PROVIDED MATERIAL
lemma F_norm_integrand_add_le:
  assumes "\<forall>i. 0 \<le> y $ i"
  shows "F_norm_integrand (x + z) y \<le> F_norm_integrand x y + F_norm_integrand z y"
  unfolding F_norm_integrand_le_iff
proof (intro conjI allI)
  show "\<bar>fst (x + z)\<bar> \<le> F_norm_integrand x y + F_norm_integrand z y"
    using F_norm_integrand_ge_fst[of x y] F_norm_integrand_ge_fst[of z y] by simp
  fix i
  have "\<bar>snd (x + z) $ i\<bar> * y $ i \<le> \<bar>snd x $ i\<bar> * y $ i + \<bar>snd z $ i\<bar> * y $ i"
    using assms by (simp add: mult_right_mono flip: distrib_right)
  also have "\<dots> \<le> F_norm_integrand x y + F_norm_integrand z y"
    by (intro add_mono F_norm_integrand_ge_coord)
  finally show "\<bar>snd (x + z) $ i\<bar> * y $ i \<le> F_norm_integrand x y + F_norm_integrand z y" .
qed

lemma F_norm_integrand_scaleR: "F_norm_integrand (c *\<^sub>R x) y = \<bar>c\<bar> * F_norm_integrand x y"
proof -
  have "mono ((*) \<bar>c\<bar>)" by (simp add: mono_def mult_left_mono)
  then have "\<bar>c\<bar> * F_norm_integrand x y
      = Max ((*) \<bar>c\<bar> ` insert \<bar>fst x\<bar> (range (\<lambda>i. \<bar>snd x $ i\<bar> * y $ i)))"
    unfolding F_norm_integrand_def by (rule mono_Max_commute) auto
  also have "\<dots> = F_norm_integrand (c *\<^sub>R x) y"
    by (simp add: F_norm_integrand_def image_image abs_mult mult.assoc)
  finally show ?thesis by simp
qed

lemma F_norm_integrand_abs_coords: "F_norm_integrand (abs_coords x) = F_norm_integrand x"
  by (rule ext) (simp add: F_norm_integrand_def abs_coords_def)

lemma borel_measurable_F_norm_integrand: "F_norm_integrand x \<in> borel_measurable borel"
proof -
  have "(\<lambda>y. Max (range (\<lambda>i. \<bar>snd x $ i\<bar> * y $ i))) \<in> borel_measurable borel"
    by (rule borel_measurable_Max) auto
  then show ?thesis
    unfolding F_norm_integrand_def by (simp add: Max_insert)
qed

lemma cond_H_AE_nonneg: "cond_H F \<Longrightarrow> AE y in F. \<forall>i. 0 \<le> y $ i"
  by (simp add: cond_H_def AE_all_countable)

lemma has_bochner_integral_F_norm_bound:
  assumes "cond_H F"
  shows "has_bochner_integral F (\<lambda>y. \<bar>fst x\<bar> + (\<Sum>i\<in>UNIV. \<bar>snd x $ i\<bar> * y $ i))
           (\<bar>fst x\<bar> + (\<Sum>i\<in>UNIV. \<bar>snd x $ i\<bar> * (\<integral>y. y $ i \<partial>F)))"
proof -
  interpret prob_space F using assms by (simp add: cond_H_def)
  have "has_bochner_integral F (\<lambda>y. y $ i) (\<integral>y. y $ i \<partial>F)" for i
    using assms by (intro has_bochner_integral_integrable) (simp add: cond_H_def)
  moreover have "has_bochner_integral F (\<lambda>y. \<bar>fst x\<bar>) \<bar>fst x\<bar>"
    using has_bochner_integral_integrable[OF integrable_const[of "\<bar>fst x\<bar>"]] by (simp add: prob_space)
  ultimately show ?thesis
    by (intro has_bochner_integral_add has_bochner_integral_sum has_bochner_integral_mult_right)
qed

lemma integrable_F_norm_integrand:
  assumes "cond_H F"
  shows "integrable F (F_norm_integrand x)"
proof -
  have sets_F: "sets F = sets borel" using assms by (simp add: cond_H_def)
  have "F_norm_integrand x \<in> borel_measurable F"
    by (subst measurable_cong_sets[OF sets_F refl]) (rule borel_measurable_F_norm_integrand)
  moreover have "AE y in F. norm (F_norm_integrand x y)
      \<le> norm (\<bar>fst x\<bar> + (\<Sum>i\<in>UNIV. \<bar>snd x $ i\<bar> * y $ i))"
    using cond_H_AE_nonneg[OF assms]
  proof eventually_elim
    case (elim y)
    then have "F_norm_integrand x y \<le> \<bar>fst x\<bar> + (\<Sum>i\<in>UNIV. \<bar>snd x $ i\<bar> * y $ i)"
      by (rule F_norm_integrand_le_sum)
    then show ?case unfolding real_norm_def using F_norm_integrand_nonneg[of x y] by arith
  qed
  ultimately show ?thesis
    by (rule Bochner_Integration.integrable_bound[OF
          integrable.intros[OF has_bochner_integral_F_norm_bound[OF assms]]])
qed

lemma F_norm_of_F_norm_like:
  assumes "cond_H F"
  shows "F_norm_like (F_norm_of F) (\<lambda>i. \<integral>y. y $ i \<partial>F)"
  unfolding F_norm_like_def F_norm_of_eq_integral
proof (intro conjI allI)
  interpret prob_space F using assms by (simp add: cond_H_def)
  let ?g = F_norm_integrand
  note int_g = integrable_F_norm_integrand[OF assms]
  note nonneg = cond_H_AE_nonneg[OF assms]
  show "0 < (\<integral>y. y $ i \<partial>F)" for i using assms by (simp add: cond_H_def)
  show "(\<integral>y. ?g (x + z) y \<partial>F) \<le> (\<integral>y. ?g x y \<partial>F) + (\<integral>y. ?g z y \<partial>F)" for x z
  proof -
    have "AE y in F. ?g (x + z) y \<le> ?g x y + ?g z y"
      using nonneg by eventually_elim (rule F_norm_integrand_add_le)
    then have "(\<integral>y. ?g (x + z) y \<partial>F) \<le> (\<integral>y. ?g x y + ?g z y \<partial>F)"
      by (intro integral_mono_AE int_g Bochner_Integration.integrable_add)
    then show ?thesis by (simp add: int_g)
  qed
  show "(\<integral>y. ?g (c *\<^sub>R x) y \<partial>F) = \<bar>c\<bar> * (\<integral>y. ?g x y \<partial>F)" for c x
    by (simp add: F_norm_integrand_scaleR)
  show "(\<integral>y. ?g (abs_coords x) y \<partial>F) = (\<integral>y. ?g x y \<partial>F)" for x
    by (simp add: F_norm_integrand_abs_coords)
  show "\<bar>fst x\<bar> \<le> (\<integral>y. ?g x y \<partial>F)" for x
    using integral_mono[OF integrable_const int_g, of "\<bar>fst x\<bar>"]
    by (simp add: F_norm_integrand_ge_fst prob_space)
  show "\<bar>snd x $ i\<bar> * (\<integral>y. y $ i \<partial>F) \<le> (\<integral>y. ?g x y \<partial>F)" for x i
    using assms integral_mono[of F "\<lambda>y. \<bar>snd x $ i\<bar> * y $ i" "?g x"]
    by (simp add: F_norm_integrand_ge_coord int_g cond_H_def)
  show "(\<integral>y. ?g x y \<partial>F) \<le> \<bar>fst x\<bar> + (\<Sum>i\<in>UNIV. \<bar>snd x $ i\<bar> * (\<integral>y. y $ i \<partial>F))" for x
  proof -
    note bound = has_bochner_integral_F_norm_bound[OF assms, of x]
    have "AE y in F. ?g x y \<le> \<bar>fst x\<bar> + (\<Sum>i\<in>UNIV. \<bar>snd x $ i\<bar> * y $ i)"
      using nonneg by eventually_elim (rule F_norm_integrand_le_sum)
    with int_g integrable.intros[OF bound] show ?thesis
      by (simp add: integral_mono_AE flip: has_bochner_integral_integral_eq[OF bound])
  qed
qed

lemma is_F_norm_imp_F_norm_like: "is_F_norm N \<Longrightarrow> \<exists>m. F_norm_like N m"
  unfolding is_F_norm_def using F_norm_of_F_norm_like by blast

TASK DETAILS
Go line by line through the entries above and tally those that hold the word "shows"; give the tally alone.

RESULT FOR THIS TASK
4